As Joseph pointed out in “Five Decades of Gene Finding Failures in Psychiatry,” the belief in “missing heritability” ignores the possibility that previous conclusions from family, twin and adoption studies could be wrong, all the while assuming that the genes have to exist. Despite evidence that many people diagnosed with “schizophrenia and other psychotic disorders are impacted by trauma, abuse, and other adverse experiences,” there continues to be an almost exclusive focus on “the genetic and biological bases of psychosis.” He suggested that although some researchers claim that several genes for the major psychiatric disorders have now been discovered, “these claims are likely to suffer the same fate as similar non-replicated claims we have heard for decades.” He then quoted John Horgan, a science journalist, who said that since 1990:

Researchers have announced the discovery of ‘genes for’ attention-deficit disorder, obsessive-compulsive disorder, manic depression, schizophrenia, autism, dyslexia, alcoholism, heroin addiction, high IQ, male homosexuality, sadness, extroversion, introversion, novelty seeking, impulsivity, violent aggression, anxiety, anorexia, seasonal affective disorder, and pathological gambling. So far, not one of those claims has been confirmed.

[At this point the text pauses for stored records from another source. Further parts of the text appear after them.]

section \<open>The generating function\<close>

lemma minus_one_power_diff_Suc:
  assumes "k < n"
  shows "(-1::real) ^ n * (-1) ^ (n - Suc k) = - ((-1) ^ k)"
proof -
  obtain d where "n = Suc k + d"
    using assms less_imp_Suc_add by blast
  then show ?thesis
    by (simp add: power_add flip: power_mult_distrib)
qed

locale lagrangian_ends =
  fixes n :: nat and E1 E2 :: "'d::finite sympl set" and a1 a2 :: "'d sympl"
    and P :: "'d sympl \<Rightarrow> 'd sympl"
  assumes subspace1: "subspace E1" and subspace2: "subspace E2"
    and isotropic1: "\<And>u v. u \<in> E1 \<Longrightarrow> v \<in> E1 \<Longrightarrow> omega u v = 0"
    and isotropic2: "\<And>u v. u \<in> E2 \<Longrightarrow> v \<in> E2 \<Longrightarrow> omega u v = 0"
    and linear_P: "linear P" and P_in: "\<And>x. P x \<in> E1" and P_complement: "\<And>x. x - P x \<in> E2"
begin

text \<open>The start point is the unique point of a1 + E1 whose image under the n point
  reflections through p 0, ..., p (n - 1) lies in a2 + E2, and the action is half the
  symplectic area of the polygon a1, vertex p 0, ..., vertex p n, a2.\<close>
definition start :: "(nat \<Rightarrow> 'd sympl) \<Rightarrow> 'd sympl" where
  "start p = a1 - (-1) ^ n *\<^sub>R P (point_reflections p 0 n + (-1) ^ n *\<^sub>R a1 - a2)"

definition vertex :: "(nat \<Rightarrow> 'd sympl) \<Rightarrow> nat \<Rightarrow> 'd sympl" where
  "vertex p = point_reflections p (start p)"

definition action :: "(nat \<Rightarrow> 'd sympl) \<Rightarrow> real" where
  "action p = (\<Sum>i<n. omega (vertex p i) (p i)) + omega (vertex p n) a2 / 2 - omega (start p) a1 / 2"

lemma vertex_0 [simp]: "vertex p 0 = start p"
  and vertex_Suc [simp]: "vertex p (Suc i) = 2 *\<^sub>R p i - vertex p i"
  by (simp_all add: vertex_def)

lemma centre_eq_midpoint: "p i = (1/2) *\<^sub>R (vertex p i + vertex p (Suc i))"
  by simp

lemma start_in_E1: "start p - a1 \<in> E1"
  unfolding start_def using P_in subspace1 by (simp add: subspace_neg subspace_scale)

lemma last_vertex_in_E2: "vertex p n - a2 \<in> E2"
proof -
  define d where "d = point_reflections p 0 n + (-1) ^ n *\<^sub>R a1 - a2"
  have "vertex p n = point_reflections p 0 n + (-1) ^ n *\<^sub>R start p"
    unfolding vertex_def using point_reflections_translate[of p 0 "start p" n] by simp
  then have "vertex p n - a2 = d - ((-1) ^ n * (-1) ^ n) *\<^sub>R P d"
    unfolding start_def d_def by (simp add: algebra_simps)
  also have "\<dots> = d - P d"
    by (simp flip: power_mult_distrib)
  finally show ?thesis
    using P_complement by simp
qed

lemma start_update:
  assumes "k < n"
  shows "start (p(k := p k + h)) = start p + (2 * (-1) ^ k) *\<^sub>R P h"
proof -
  have "point_reflections (p(k := p k + h)) 0 n = point_reflections p 0 n + (2 * (-1) ^ (n - Suc k)) *\<^sub>R h"
    using point_reflections_update[of p k h 0 n] assms by simp
  then show ?thesis
    using minus_one_power_diff_Suc[OF assms]
    by (simp add: start_def linear_add[OF linear_P] linear_diff[OF linear_P]
        linear_scale[OF linear_P] algebra_simps)
qed

lemma vertex_update:
  "vertex (p(k := p k + h)) i = vertex p i + (-1) ^ i *\<^sub>R (start (p(k := p k + h)) - start p)
      + (if k < i then (2 * (-1) ^ (i - Suc k)) *\<^sub>R h else 0)"
proof -
  let ?p' = "p(k := p k + h)"
  have "vertex ?p' i = point_reflections ?p' (start p + (start ?p' - start p)) i"
    by (simp add: vertex_def)
  also have "\<dots> = point_reflections ?p' (start p) i + (-1) ^ i *\<^sub>R (start ?p' - start p)"
    by (rule point_reflections_translate)
  finally show ?thesis
    unfolding point_reflections_update by (simp add: vertex_def)
qed

lemma omega_vertex_update:
  assumes "\<delta> = start (p(k := p k + h)) - start p"
  shows "omega (vertex (p(k := p k + h)) i) ((p(k := p k + h)) i)
    = omega (vertex p i) (p i) + (-1) ^ i * omega \<delta> (p i)
      + (if k < i then 2 * (-1) ^ (i - Suc k) * omega h (p i) else 0)
      + (if i = k then omega (vertex p i) h + (-1) ^ i * omega \<delta> h else 0)"
  unfolding vertex_update assms[symmetric] by (cases "i = k") (auto simp: algebra_simps)

lemma sum_omega_vertex_update:
  fixes p :: "nat \<Rightarrow> 'd sympl" and h :: "'d sympl"
  assumes "k < n"
  defines "p' \<equiv> p(k := p k + h)"
  shows "2 * ((\<Sum>i<n. omega (vertex p' i) (p' i)) - (\<Sum>i<n. omega (vertex p i) (p i)))
    = omega (start p' - start p) (start p) - omega (vertex p' n - vertex p n) (vertex p n)
      + 2 * omega h (vertex p (Suc k) - vertex p k) + 2 * (-1) ^ k * omega (start p' - start p) h"
proof -
  define \<delta> where "\<delta> = start p' - start p"
  define t :: real where "t = (-1) ^ (n - Suc k)"
  define A where "A = (\<Sum>i<n. (-1) ^ i *\<^sub>R p i)"
  define B where "B = (\<Sum>i\<in>{Suc k..<n}. (-1) ^ (i - Suc k) *\<^sub>R p i)"
  have sum1: "(\<Sum>i<n. (-1) ^ i * omega \<delta> (p i)) = omega \<delta> A"
    unfolding A_def omega_sum_right by simp
  have "(\<Sum>i<n. if k < i then 2 * (-1) ^ (i - Suc k) * omega h (p i) else 0)
      = (\<Sum>i\<in>{..<n} \<inter> {i. k < i}. 2 * (-1) ^ (i - Suc k) * omega h (p i))"
    by (simp add: sum.If_cases)
  also have "{..<n} \<inter> {i. k < i} = {Suc k..<n}"
    by auto
  finally have sum2: "(\<Sum>i<n. if k < i then 2 * (-1) ^ (i - Suc k) * omega h (p i) else 0) = 2 * omega h B"
    unfolding B_def omega_sum_right by (simp add: sum_distrib_left mult.assoc)
  have sum3: "(\<Sum>i<n. if i = k then omega (vertex p i) h + (-1) ^ i * omega \<delta> h else 0)
      = omega (vertex p k) h + (-1) ^ k * omega \<delta> h"
    using assms(1) by simp
  have A: "2 *\<^sub>R A = start p - (-1) ^ n *\<^sub>R vertex p n"
    unfolding A_def vertex_def by (rule point_reflections_alternating_sum)
  have B: "2 *\<^sub>R B = vertex p (Suc k) - t *\<^sub>R vertex p n"
    unfolding B_def vertex_def t_def using assms(1)
    by (intro point_reflections_alternating_sum_from) simp
  have last: "vertex p' n - vertex p n = (-1) ^ n *\<^sub>R \<delta> + (2 * t) *\<^sub>R h"
    unfolding p'_def \<delta>_def t_def vertex_update using assms(1) by simp
  have "2 * omega \<delta> A = omega \<delta> (start p) - (-1) ^ n * omega \<delta> (vertex p n)"
    using arg_cong[OF A, of "omega \<delta>"] by simp
  moreover have "2 * omega h B = omega h (vertex p (Suc k)) - t * omega h (vertex p n)"
    using arg_cong[OF B, of "omega h"] by simp
  moreover have "omega (vertex p k) h = - omega h (vertex p k)"
    by (rule omega_antisym)
  ultimately show ?thesis
    unfolding omega_vertex_update[OF \<delta>_def[unfolded p'_def], folded p'_def] sum.distrib sum1 sum2 sum3 last
      \<delta>_def[symmetric]
    by (simp add: algebra_simps)
qed

lemma action_update:
  assumes "k < n"
  shows "action (p(k := p k + h)) - action p
           = omega h (vertex p (Suc k) - vertex p k) + 2 * omega (P h) h"
proof -
  define p' where "p' = p(k := p k + h)"
  have "start p' - start p \<in> E1"
    using subspace_diff[OF subspace1 start_in_E1 start_in_E1, of p' p] by simp
  then have iso1: "omega (start p' - start p) (start p - a1) = 0"
    using isotropic1 start_in_E1 by blast
  have "vertex p' n - vertex p n \<in> E2"
    using subspace_diff[OF subspace2 last_vertex_in_E2 last_vertex_in_E2, of p' p] by simp
  then have iso2: "omega (vertex p' n - vertex p n) (vertex p n - a2) = 0"
    using isotropic2 last_vertex_in_E2 by blast
  have "2 * (action p' - action p)
      = 2 * omega h (vertex p (Suc k) - vertex p k) + 2 * (-1) ^ k * omega (start p' - start p) h"
    using sum_omega_vertex_update[OF assms, of p h, folded p'_def] iso1 iso2
    by (simp add: action_def algebra_simps)
  then show ?thesis
    unfolding p'_def start_update[OF assms] by (simp add: flip: power_mult_distrib)
qed

lemma action_update_point:
  assumes "k < n"
  shows "action (p(k := z)) - action p
    = omega (z - p k) (vertex p (Suc k) - vertex p k) + 2 * omega (P (z - p k)) (z - p k)"
proof -
  have "p(k := z) = p(k := p k + (z - p k))"
    by simp
  then show ?thesis
    by (simp only: action_update[OF assms])
qed

lemma merge_equal_centres:
  assumes "Suc k < n" and "p k = p (Suc k)"
  shows "action (p(k := y, Suc k := y)) = action p"
    and "vertex (p(k := y, Suc k := y)) k = vertex p k"
proof -
  define h where "h = y - p k"
  define p1 where "p1 = p(k := p k + h)"
  have p2: "p(k := y, Suc k := y) = p1(Suc k := p1 (Suc k) + h)"
    using assms(2) by (simp add: p1_def h_def)
  have start1: "start p1 = start p + (2 * (-1) ^ k) *\<^sub>R P h"
    unfolding p1_def using assms(1) by (intro start_update) simp
  have start2: "start (p(k := y, Suc k := y)) = start p"
    unfolding p2 start_update[OF assms(1)] start1 by simp
  have vertex1: "vertex p1 (Suc k) = vertex p (Suc k) + 2 *\<^sub>R (h - P h)"
    using vertex_update[of p k h "Suc k"] start1 unfolding p1_def by (simp add: algebra_simps)
  have "vertex p1 (Suc (Suc k)) = vertex p (Suc (Suc k)) - 2 *\<^sub>R (h - P h)"
    using vertex_update[of p k h "Suc (Suc k)"] start1 unfolding p1_def by (simp add: algebra_simps)
  also have "vertex p (Suc (Suc k)) = vertex p k"
    using assms(2) by simp
  finally have vertex2: "vertex p1 (Suc (Suc k)) = vertex p k - 2 *\<^sub>R (h - P h)" .
  have "action p1 - action p = omega h (vertex p (Suc k) - vertex p k) + 2 * omega (P h) h"
    unfolding p1_def using assms(1) by (intro action_update) simp
  moreover have "action (p(k := y, Suc k := y)) - action p1
      = omega h (vertex p1 (Suc (Suc k)) - vertex p1 (Suc k)) + 2 * omega (P h) h"
    unfolding p2 by (rule action_update[OF assms(1)])
  moreover have "omega h (P h) = - omega (P h) h"
    by (rule omega_antisym)
  ultimately show "action (p(k := y, Suc k := y)) = action p"
    unfolding vertex1 vertex2 by (simp add: algebra_simps)
  show "vertex (p(k := y, Suc k := y)) k = vertex p k"
    unfolding vertex_def start2 by (rule point_reflections_cong) simp
qed

text \<open>Configurations are padded with 0 beyond n, so that they form a compact subset of the
  product space nat \<Rightarrow> 'd sympl.\<close>
definition configurations :: "'d sympl set \<Rightarrow> (nat \<Rightarrow> 'd sympl) set" where
  "configurations K = PiE UNIV (\<lambda>i. if i < n then K else {0})"

lemma configurations_iff:
  "p \<in> configurations K \<longleftrightarrow> (\<forall>i<n. p i \<in> K) \<and> (\<forall>i\<ge>n. p i = 0)"
  unfolding configurations_def PiE_UNIV_domain Pi_iff
  by (auto simp: not_less[symmetric] split: if_splits)

lemma configurations_update:
  "p \<in> configurations K \<Longrightarrow> k < n \<Longrightarrow> z \<in> K \<Longrightarrow> p(k := z) \<in> configurations K"
  unfolding configurations_iff by simp

lemma compact_configurations:
  assumes "compact K"
  shows "compact (configurations K)"
proof -
  have "compactin (product_topology (\<lambda>i. euclidean) UNIV) (configurations K)"
    unfolding configurations_def compactin_PiE using assms by auto
  then show ?thesis
    by (simp add: euclidean_product_topology)
qed

lemma continuous_on_start: "continuous_on A start"
proof -
  have "bounded_linear P"
    using linear_P by (simp add: linear_conv_bounded_linear)
  then show ?thesis
    unfolding start_def[abs_def]
    by (intro continuous_intros bounded_linear.continuous_on[OF \<open>bounded_linear P\<close>]
        continuous_on_point_reflections)
qed

lemma continuous_on_action: "continuous_on A action"
  unfolding action_def[abs_def] vertex_def
  by (intro continuous_intros continuous_on_point_reflections continuous_on_start) auto

definition vertex_list :: "(nat \<Rightarrow> 'd sympl) \<Rightarrow> 'd sympl list" where
  "vertex_list p = map (vertex p) [0..<Suc n]"

lemma vertex_list_nth: "i \<le> n \<Longrightarrow> vertex_list p ! i = vertex p i"
  unfolding vertex_list_def by (simp del: upt_Suc add: nth_upt less_Suc_eq_le)

section \<open>Extremal configurations are trajectories\<close>

lemma extremal_edge_orthogonal:
  fixes S :: "'a::euclidean_space set" and f :: "'a \<Rightarrow> 'd sympl"
  assumes immersion: "immersion TYPE('k::euclidean_space) S f"
    and extremal: "extremal_on (configurations (f ` S)) action p"
    and p: "p \<in> configurations (f ` S)" and k: "k < n" and Q: "Q \<in> S" "f Q = p k"
  shows "vertex p (Suc k) - vertex p k \<in> symp_orth (tangent_space TYPE('k) S f Q)"
  unfolding symp_orth_def
proof (intro CollectI ballI)
  fix \<zeta>
  assume "\<zeta> \<in> tangent_space TYPE('k) S f Q"
  then obtain \<phi> :: "'k \<Rightarrow> 'a" and W w v where chart: "local_param S \<phi> W" and w: "w \<in> W" "\<phi> w = Q"
    and \<zeta>: "\<zeta> = frechet_derivative (f \<circ> \<phi>) (at w) v"
    unfolding tangent_space_def by blast
  obtain U where W: "open W" "\<phi> ` W = S \<inter> U"
    using chart unfolding local_param_def by blast
  have derivative: "((f \<circ> \<phi>) has_derivative frechet_derivative (f \<circ> \<phi>) (at w)) (at w)"
    using immersion chart W(1) w(1) unfolding immersion_def by (blast intro: smooth_on_has_derivative)
  have centre: "(f \<circ> \<phi>) w = p k"
    using w(2) Q(2) by simp
  have "(\<lambda>y. p(k := (f \<circ> \<phi>) y)) ` W \<subseteq> configurations (f ` S)"
    using p k W(2) by (auto intro: configurations_update)
  then have extremal_chart: "extremal_on W (\<lambda>y. action (p(k := (f \<circ> \<phi>) y))) w"
    using w(1) centre by (intro extremal_on_compose[OF extremal]) auto
  have quadratic: "action (p(k := z)) - action (p(k := (f \<circ> \<phi>) w))
      = omega (z - (f \<circ> \<phi>) w) (vertex p (Suc k) - vertex p k)
        + 2 * omega (P (z - (f \<circ> \<phi>) w)) (z - (f \<circ> \<phi>) w)" for z
    unfolding centre fun_upd_triv by (rule action_update_point[OF k])
  have "omega (frechet_derivative (f \<circ> \<phi>) (at w) v) (vertex p (Suc k) - vertex p k) = 0"
    by (rule omega_derivative_zero_at_extremum[OF W(1) w(1) derivative linear_P extremal_chart quadratic])
  then show "omega (vertex p (Suc k) - vertex p k) \<zeta> = 0"
    unfolding \<zeta> by (rule omega_eq_0_commute[THEN iffD1])
qed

Evan Charney and Jay Joseph (Twin Studies and the “Nonreplication Curse”) described a new methodology, the genome-wide complex trait analysis (GCTA), which has been developed to replace the problems with GWAS. Like a typical GWAS, GCTA scans hundreds of thousands of polymorphisms of thousands of persons. But it does not identify which SNPs [single-nucleotide polymorphisms, common types of genetic variation] are responsible for a trait. Rather, it estimates the total genetic variance by comparing the genetic profiles of a large group of unrelated people. “In other words, it can produce a ‘finding’ of genes even when no specific genes are identified.”

Joseph indicated the GCTA method, like the GWA studies, is based upon two faulty assumptions: 1) the validity of heritability estimates for human behavioral traits and 2) that twin studies and adoption studies have established the genetic basis of psychiatric disorders.

Charney noted that the twin study methodology has been critiqued for making faulty assumptions, like assuming that the environments of MZ (identical) twins were no different than those of DZ (fraternal) twins. In fact, several studies have shown that MZ twins have more similar environments than DZ twins. The equal environment assumption was shown to be false. This environmental difference means that: “trait similarities ascribed to the greater genetic similarity of MZ twins might in fact be due to greater environmental similarity, significantly inflating heritability estimates.” In The Journal of Mind and Behavior, Joseph commented that:

Conclusions in favor of genetics based on twin studies (as well as family studies) were confounded by environmental factors, suggesting that the twin method should have been discarded as an instrument for the detection of genetic influence.

Charney suggested that chasing these “polymorphisms of tiny effect,” in ever-larger studies involving hundreds of thousands of persons, “is the last gasp of a failed paradigm.” It is like chasing ghosts. “Do we really want to squander our time and resources chasing ghosts?”